Real pity, just comparing the key feel now it's still amazing for
the keys that still work, but C and A mis-firing often enough to
become obnoxious and it just can't be repaired. I can't even
remember how I ended up with it or even when, I certainly didn't
buy it. I think I got it through a mate (Jamie) who collected
piles of computer shit. It seems to have been made in 1991! I
was still using a C64 in 1991, my first year at uni.
Anyway i looked around a bit and didn't bother doing anything
about it for months until last Friday when I ordered a couple of
"ducky one" keyboards online. Only one shop in Australia seems to
sell them, albiet in 600km away (i.e. the nearest next
town). Locally you can only get microsoft keyboards or some RGB
"gamer" monstrosities at exhorbitant prices.
I don't really know anything about them, or what appears to be a
whole computer sub-culture regarding 'mechanical' keyboards.
But I liked the idea of a keyboard with no markings, i've worn a
few off over the years so this should be immune to that at least!
Actually from a sitting position you can read the front face of
the keys not covered by your hands anyway. It was also a bit
cheaper. I also really liked the idea of the `ten-key-less' design -
I've always found the numpad a fucking pointless desk-waster.
The description of the `brown' switches are soft but with a bump -
but they're not quite as positive as the litetouch was though, and
definitely much louder particularly when they bottom out. If my
sister ever types on it she'll make a racket as she really thumps
the keys and types like she's on a mechanical typewriter (on which
she learnt).
And this one really just because I liked the colours. It's quite
pretty! This is a newer design and feels a little softer and
quieter but i haven't used it much yet.
They both come with a couple of extra key caps in contrasting
colours (pink for the black one), although a few of the keys are
for the non-existent numpad. They're both fairly heavy and very
solid, basically no flex in the body.
I'm still getting used to the tiny differences even though the
layout and dimensions are identical to the keyboards I was using.

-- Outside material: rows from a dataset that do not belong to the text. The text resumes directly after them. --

(* Let $\Omega=(0,1)\times(0,1)\subset\mathbb{R}^2$ and let $h:[0,1]\to\mathbb{R}$ be a bounded function with $h(0)=0$, $h(x_1)>0$ for $x_1\in(0,1]$, $h\in C^1(0,1]$, and suppose there exist constants $C>0$ and $\theta\in(0,1)$ such that $$\sup_{x\in\Omega,\ 0<r\le d}\frac{\int_{B(x,r)\cap\Omega}h(x_1)^{-1}\,dx}{|B(x,r)\cap\Omega|^{\theta}}\le C,$$ where $d$ is the diameter of $\Omega$. Then $\mathcal{H}_h^1(\Omega)$ is continuously embedded into $W^{1,1}(\Omega)$.
   Context: $B(x,r)$ is the Euclidean ball with center $x$ and radius $r$, $|\cdot|$ is Lebesgue measure. $\mathcal{H}_h^1(\Omega)=\{u\in L^2(\Omega)\mid \partial_{x_1}u\in L^2(\Omega),\ \sqrt{h(x_1)}\,\partial_{x_2}u\in L^2(\Omega)\}$ (distributional derivatives), with norm $\|u\|_{\mathcal{H}_h^1(\Omega)}=\big(\|u\|_{L^2(\Omega)}^2+\|\partial_{x_1}u\|_{L^2(\Omega)}^2+\|\sqrt{h(x_1)}\partial_{x_2}u\|_{L^2(\Omega)}^2\big)^{1/2}$. *)

theory Defs
  imports "HOL-Analysis.Analysis"
begin

text \<open>The unit square, as a subset of real x real (Euclidean product metric, Lebesgue measure).\<close>
definition Omega :: "(real \<times> real) set" where
  "Omega = {0<..<1} \<times> {0<..<1}"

Probably the main difference is that the very top of the key is
slightly smaller so they have larger gaps in between, it just
throws out my touch enough but it wont take long to get used to
them. Oddly I end up not making typos so much as typing a
completely different word? I mostly type on my work laptop
anyway, whose keyboard isn't fantastic but it's adequate.
My desks are always full of shit so the smaller size is handy as
well.
I wouldn't have minded a bit more of a positve feedback on the key
presses, but I guess I will get used to it and they aren't squashy
at least. I suppose i'd better, the pair of them cost $250, but
given the amount of time I spent on the damn machines it's
justifiable. I only really needed one but this saves more desk
space, and maybe i'll take one to work if i ever spend enough time
there.
Another tool looking to be upgraded is my home machine. I'm
thinking of getting a ryzen 3K system at some point, but i'll
probably umm and ahh over that for months more yet - or just spend
on a whim. The X570 boards are just too overpriced and there's
basically no ITX boards to be had either.
Update 21/7/19: Short mini-review. I've been using the
D1-2 (the blue one) on my home machine enough to get used to it.
In a word: very good. I was at work using a keyboard that I
thought was ok before (a HP workstation keyboard, one of the flat
square-keyed ones) but it felt like typing on soggy bread -
although this was the project managers keyboard and not my pc of
the same, and well, he eats at his desk.
Improved post navigation links
I've made a minor improvement
to blogz so that when viewing a
single post the navigation links at the bottom of the post show
the title of the next/previous post rather than just saying 'Older'
or 'Newer'. This was something I had intended to add when I got
the database backend working but that is still in limbo. Actually
most of the code for the blog output is done, I just can't decide
on relatively unimportant details like the serialisation format
for the metadata records. The other issue is adds a whole mass of
potential complexity to creating posts rather than just editing a
file on a shell login. Like an order of magnitue of complexity.
It doesn't require this complexity but it enables it.
I made some other minor changes to the stylesheet mostly to do
with inline figures (photos and captions), justified the text of
posts, and messed about with the About box.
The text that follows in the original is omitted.